Corn futures are 2 to 2.5 cents lower this morning. If the weakness holds through the day it will mark the seventh consecutive session of lower closes. December futures are near the $4.00 level while the September contract has already dipped below $4.00. The highest early July crop rating since 1999 at 75% good to excellent and forecasts for favorable weather as the crop moves into pollination are pressuring the market. USDA will update supply/demand projections for the U.S. and world on Friday. Trade is likely already discounting U.S. yield higher than USDA’s 165.3 b/a, but could see some short covering ahead of the report. September corn is 1.75 cents lower to $3.96/bushel, while December is 2.5 cents lower to $4.0175.

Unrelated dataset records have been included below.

lemma moment_1_odd: "moment 1 (2 * t + 1) = (moment 1 t + moment 1 (t + 1)) / 2"
  using moment_odd[of 1 t] by (simp add: moment_0 add_divide_distrib diff_divide_distrib)

lemma moment_2_odd:
  "moment 2 (2 * t + 1) = (moment 2 t + moment 2 (t + 1)) / 2 + moment 1 t - moment 1 (t + 1) + 1"
  using moment_odd[of 2 t]
  by (simp add: moment_0 eval_nat_numeral add_divide_distrib diff_divide_distrib algebra_simps)

lemma moment_3_odd:
  "moment 3 (2 * t + 1) = (moment 3 t + moment 3 (t + 1)) / 2 + 3 / 2 * (moment 2 t - moment 2 (t + 1))
     + 3 / 2 * (moment 1 t + moment 1 (t + 1))"
  using moment_odd[of 3 t]
  by (simp add: moment_0 eval_nat_numeral add_divide_distrib diff_divide_distrib algebra_simps)

lemma moment_1: "moment 1 t = 0"
proof -
  have moment_1_0: "moment 1 0 = 0"
    by (simp add: moment_def mgf_0 [abs_def])
  show ?thesis
  proof (induction t rule: binary_induct)
    case one
    show ?case using moment_1_odd[of 0] moment_1_0 by (simp add: field_simps)
  next
    case (double t)
    then show ?case by (simp add: moment_even)
  next
    case (Suc_double t)
    then show ?case using moment_1_odd[of t] by simp
  qed (rule moment_1_0)
qed

lemma kappa_eq_moment: "kappa 2 t = moment 2 t" "kappa 3 t = moment 3 t"
proof -
  have "deriv (mgf t) 0 = 0"
    using moment_1[of t] by (simp add: moment_def)
  note Ln_mgf_derivs = higher_deriv_Ln_comp_at_0[OF mgf_holomorphic open_halfspace_Re_gt _ mgf_at_0 this]
  show "kappa 2 t = moment 2 t" "kappa 3 t = moment 3 t"
    unfolding kappa_def moment_def cgf_eq_Ln_mgf by (simp_all add: Ln_mgf_derivs)
qed

lemma kappa_even: "kappa n (2 * t) = kappa n t"
  by (simp add: kappa_def cgf_eq_Ln_mgf mgf_even)

lemma kappa_2_odd: "kappa 2 (2 * t + 1) = (kappa 2 t + kappa 2 (t + 1)) / 2 + 1"
  unfolding kappa_eq_moment moment_2_odd moment_1 by simp

lemma kappa_3_odd:
  "kappa 3 (2 * t + 1) = (kappa 3 t + kappa 3 (t + 1)) / 2 + 3 / 2 * (kappa 2 t - kappa 2 (t + 1))"
  unfolding kappa_eq_moment moment_3_odd moment_1 by simp

lemma D_even: "D (2 * t) = D t"
  by (simp add: D_def kappa_even)

lemma D_odd: "D (2 * t + 1) = 1 + (D t + D (t + 1)) / 2 + (Re (kappa 2 (t + 1)) - Re (kappa 2 t)) / 2"
  unfolding D_def kappa_2_odd kappa_3_odd by (simp add: field_simps)

section \<open>Iterating the odd recursion\<close>

lemma chain_index_Suc: "2 ^ (Suc j + 1) * t + 2 ^ Suc j - 1 = 2 * (2 ^ (j + 1) * t + 2 ^ j - 1) + (1 :: nat)"
proof -
  obtain p where "(2 :: nat) ^ j = Suc p"
    using not0_implies_Suc[of "2 ^ j"] by auto
  then show ?thesis by (simp add: algebra_simps)
qed

lemma chain_index_plus_1: "2 ^ (j + 1) * t + 2 ^ j - 1 + 1 = 2 ^ j * (2 * t + (1 :: nat))"
proof -
  obtain p where "(2 :: nat) ^ j = Suc p"
    using not0_implies_Suc[of "2 ^ j"] by auto
  then show ?thesis by (simp add: algebra_simps)
qed

locale binary_cumulant_recursion =
  fixes v d :: "nat \<Rightarrow> real"
  assumes v_even: "v (2 * t) = v t"
    and v_odd: "v (2 * t + 1) = (v t + v (t + 1)) / 2 + 1"
    and d_even: "d (2 * t) = d t"
    and d_odd: "d (2 * t + 1) = 1 + (d t + d (t + 1)) / 2 + (v (t + 1) - v t) / 2"
begin

lemma v_increment_ge: "v (s + 1) - v s \<ge> -2"
proof (induction s rule: binary_induct)
  case zero
  show ?case using v_odd[of 0] by (simp add: field_simps)
next
  case one
  show ?case using v_even[of 1] by (simp add: numeral_2_eq_2)
next
  case (double n)
  then show ?case unfolding v_odd v_even by (simp add: field_simps)
next
  case (Suc_double n)
  have "2 * n + 1 + 1 = 2 * (n + 1)" by simp
  then have "v (2 * n + 1 + 1) = v (n + 1)" by (simp only: v_even)
  then show ?case using v_odd[of n] Suc_double by (simp add: field_simps)
qed

lemma v_chain:
  "v (2 ^ (j + 1) * t + 2 ^ j - 1) = v (2 * t + 1) + 2 - (v (t + 1) - v t + 6) / 2 ^ (j + 1)"
proof (induction j)
  case 0
  have index: "2 ^ (0 + 1) * t + 2 ^ 0 - 1 = 2 * t" by simp
  show ?case unfolding index v_even v_odd by (simp add: field_simps)
next
  case (Suc j)
  define n where "n = 2 ^ (j + 1) * t + 2 ^ j - 1"
  have v_n_Suc: "v (n + 1) = v (2 * t + 1)"
    unfolding n_def chain_index_plus_1 using v_even by (rule pow2_mult_invariant)
  have "v (2 ^ (Suc j + 1) * t + 2 ^ Suc j - 1) = (v n + v (n + 1)) / 2 + 1"
    unfolding chain_index_Suc n_def[symmetric] by (rule v_odd)
  also have "\<dots> = v (2 * t + 1) + 2 - (v (t + 1) - v t + 6) / 2 ^ (Suc j + 1)"
    unfolding v_n_Suc Suc.IH[folded n_def] by (simp add: field_simps)
  finally show ?case .
qed
definition strategy ::
  "'v set \<Rightarrow> 'v set \<Rightarrow> ('v,'c) edge set \<Rightarrow> ('v \<times> ('v,'c) edge list \<Rightarrow> ('v,'c) edge) \<Rightarrow> bool" where
  "strategy V V0 E S \<longleftrightarrow> (\<forall>p. fpath V E p \<and> ptgt p \<in> V0 \<longrightarrow> S p \<in> E \<and> esrc (S p) = ptgt p)"

definition ipath :: "('v,'c) edge set \<Rightarrow> 'v \<Rightarrow> (nat \<Rightarrow> ('v,'c) edge) \<Rightarrow> bool" where
  "ipath E v w \<longleftrightarrow> esrc (w 0) = v \<and> (\<forall>i. w i \<in> E \<and> etgt (w i) = esrc (w (Suc i)))"

definition consistent ::
  "'v set \<Rightarrow> ('v \<times> ('v,'c) edge list \<Rightarrow> ('v,'c) edge) \<Rightarrow> 'v \<Rightarrow> (nat \<Rightarrow> ('v,'c) edge) \<Rightarrow> bool" where
  "consistent V0 S v w \<longleftrightarrow> (v \<in> V0 \<longrightarrow> w 0 = S (v, [])) \<and>
     (\<forall>i. etgt (w i) \<in> V0 \<longrightarrow> w (Suc i) = S (v, map w [0..<Suc i]))"

definition cols ::
  "'v set \<Rightarrow> ('v,'c) edge set \<Rightarrow> ('v \<times> ('v,'c) edge list \<Rightarrow> ('v,'c) edge) \<Rightarrow> 'v \<Rightarrow> (nat \<Rightarrow> 'c) set" where
  "cols V0 E S v = {(\<lambda>i. ecol (w i)) | w. ipath E v w \<and> consistent V0 S v w}"

definition memory_structure :: "('v,'c) edge set \<Rightarrow> 'm set \<Rightarrow> 'm \<Rightarrow> ('m \<Rightarrow> ('v,'c) edge \<Rightarrow> 'm) \<Rightarrow> bool" where
  "memory_structure E M m0 \<delta> \<longleftrightarrow> finite M \<and> m0 \<in> M \<and> (\<forall>m\<in>M. \<forall>e\<in>E. \<delta> m e \<in> M)"

definition delta_ext :: "('m \<Rightarrow> ('v,'c) edge \<Rightarrow> 'm) \<Rightarrow> 'm \<Rightarrow> ('v,'c) edge list \<Rightarrow> 'm" where
  "delta_ext \<delta> m es = fold (\<lambda>e m. \<delta> m e) es m"

definition mem_strategy ::
  "'v set \<Rightarrow> 'v set \<Rightarrow> ('v,'c) edge set \<Rightarrow> 'm \<Rightarrow> ('m \<Rightarrow> ('v,'c) edge \<Rightarrow> 'm)
     \<Rightarrow> ('v \<times> ('v,'c) edge list \<Rightarrow> ('v,'c) edge) \<Rightarrow> bool" where
  "mem_strategy V V0 E m0 \<delta> S \<longleftrightarrow> strategy V V0 E S \<and>
     (\<forall>p1 p2. fpath V E p1 \<and> fpath V E p2 \<and> ptgt p1 = ptgt p2 \<and> ptgt p1 \<in> V0 \<and>
        delta_ext \<delta> m0 (snd p1) = delta_ext \<delta> m0 (snd p2) \<longrightarrow> S p1 = S p2)"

Soybean prices are lower in early trade Wednesday. November futures are at the lowest level since early February. The highest crop rating for early July since 1994 at 72% points to strong yield potential. Weather forecasts call for moderate temperatures and normal to above normal precipitation for the next two weeks. The chart gap above the market near $11.30 for the November contract is a near-term resistance level while the Jan 2014 low at $10.88 is support. Argentina’s Rosario Exchange upped their forecast for Argentine production fractionally to 55.7 mmt vs. USDA at 54 mmt. USDA is expected to boost the U.S. 2014/15 ending stocks projection to 415 to 420 million bushels, up from 325 million from last month. August soybeans are down 11 cents to $12.375/bushel, and November is 6.25 cents lower to $11.10. August soyoil is 0.29 cents lower to 37.57 cents/pound, while August soymeal is $1.0 lower to $400.9/ton.

Wheat futures are 3 to 4 cents lower in early action on Wednesday. Nearby futures have fallen to the lowest level in nearly four years. Winter wheat harvest, favorable spring wheat prospects in the U.S. and uncertain export demand are weighing on the market. Weakness in corn and other gains is also a negative factor. On Friday USDA will issue their first spring and durum wheat production estimates of the season and update winter wheat production as well. USDA is expected to lower winter wheat production, with but spring wheat production at 536 million bushels and durum at 60 million (trade averages), total wheat production would edge up 27 million from USDA’s June estimate to 1.969 billion. The increase in production would also boost the ending stocks projection from last month. September CBOT wheat futures are 3.5 cents lower to $5.5275 bushel, September KCBT wheat futures are 4.5 cents lower to $6.5975 and September MWE futures are 3.5 cents lower at $6.535.

Cattle futures are higher on Wednesday. After a one and a half day pullback, futures are rebounding. Higher beef prices seem to be providing underlying support. Beef prices continue to march higher reaching new all-time highs again on Tuesday. On Tuesday afternoon the Choice cutout was $1.80 higher at $249.98. However, the trade remains nervous that high prices will begin to throttle beef demand, particularly as summer progress - a time when beef demand tends to slow. The trade is waiting to see how the cash market responds to a higher supply of market-ready cattle this week. August cattle are 1.07 cents higher to 154.60 cents/pound while December is 0.60 cents higher to 155.95 cents. Meanwhile, August feeder cattle are 1.40 cents higher to 217.30 cents/pound.

Hog futures are edging higher early on Wednesday, attempting a comeback from Tuesday’s setback. The national average base price on Tuesday was $1.60 higher to $130.06. The cutout was 19 cents higher to $134.33. Hog slaughter so far this week is estimated at 790,000 head, down 22,000 from last week and 18,000 from a year ago. Gains in cattle futures are supportive to hogs. August futures are testing the most recent reaction low at 129.50 cents/pound. If that level fails, next support is the mid-June low at 126.00. August hog futures are up 0.25 cents at 130.10 cents/pound and December is up 0.25 cents to 104.50 cents.

Futures are slightly higher on Wednesday as the December cotton futures contract attempts to hold above the 70 cent mark. Futures have plunged 6 cents in two weeks as crop prospects in the U.S. have continued to improve, particularly in Texas and the southern Plains. Weather forecasts continue to look favorable, but futures are deeply oversold after the sharp decline over the past two weeks. Futures are due to at least consolidate. December cotton is 0.53 cents higher at 70.63 cents per pound.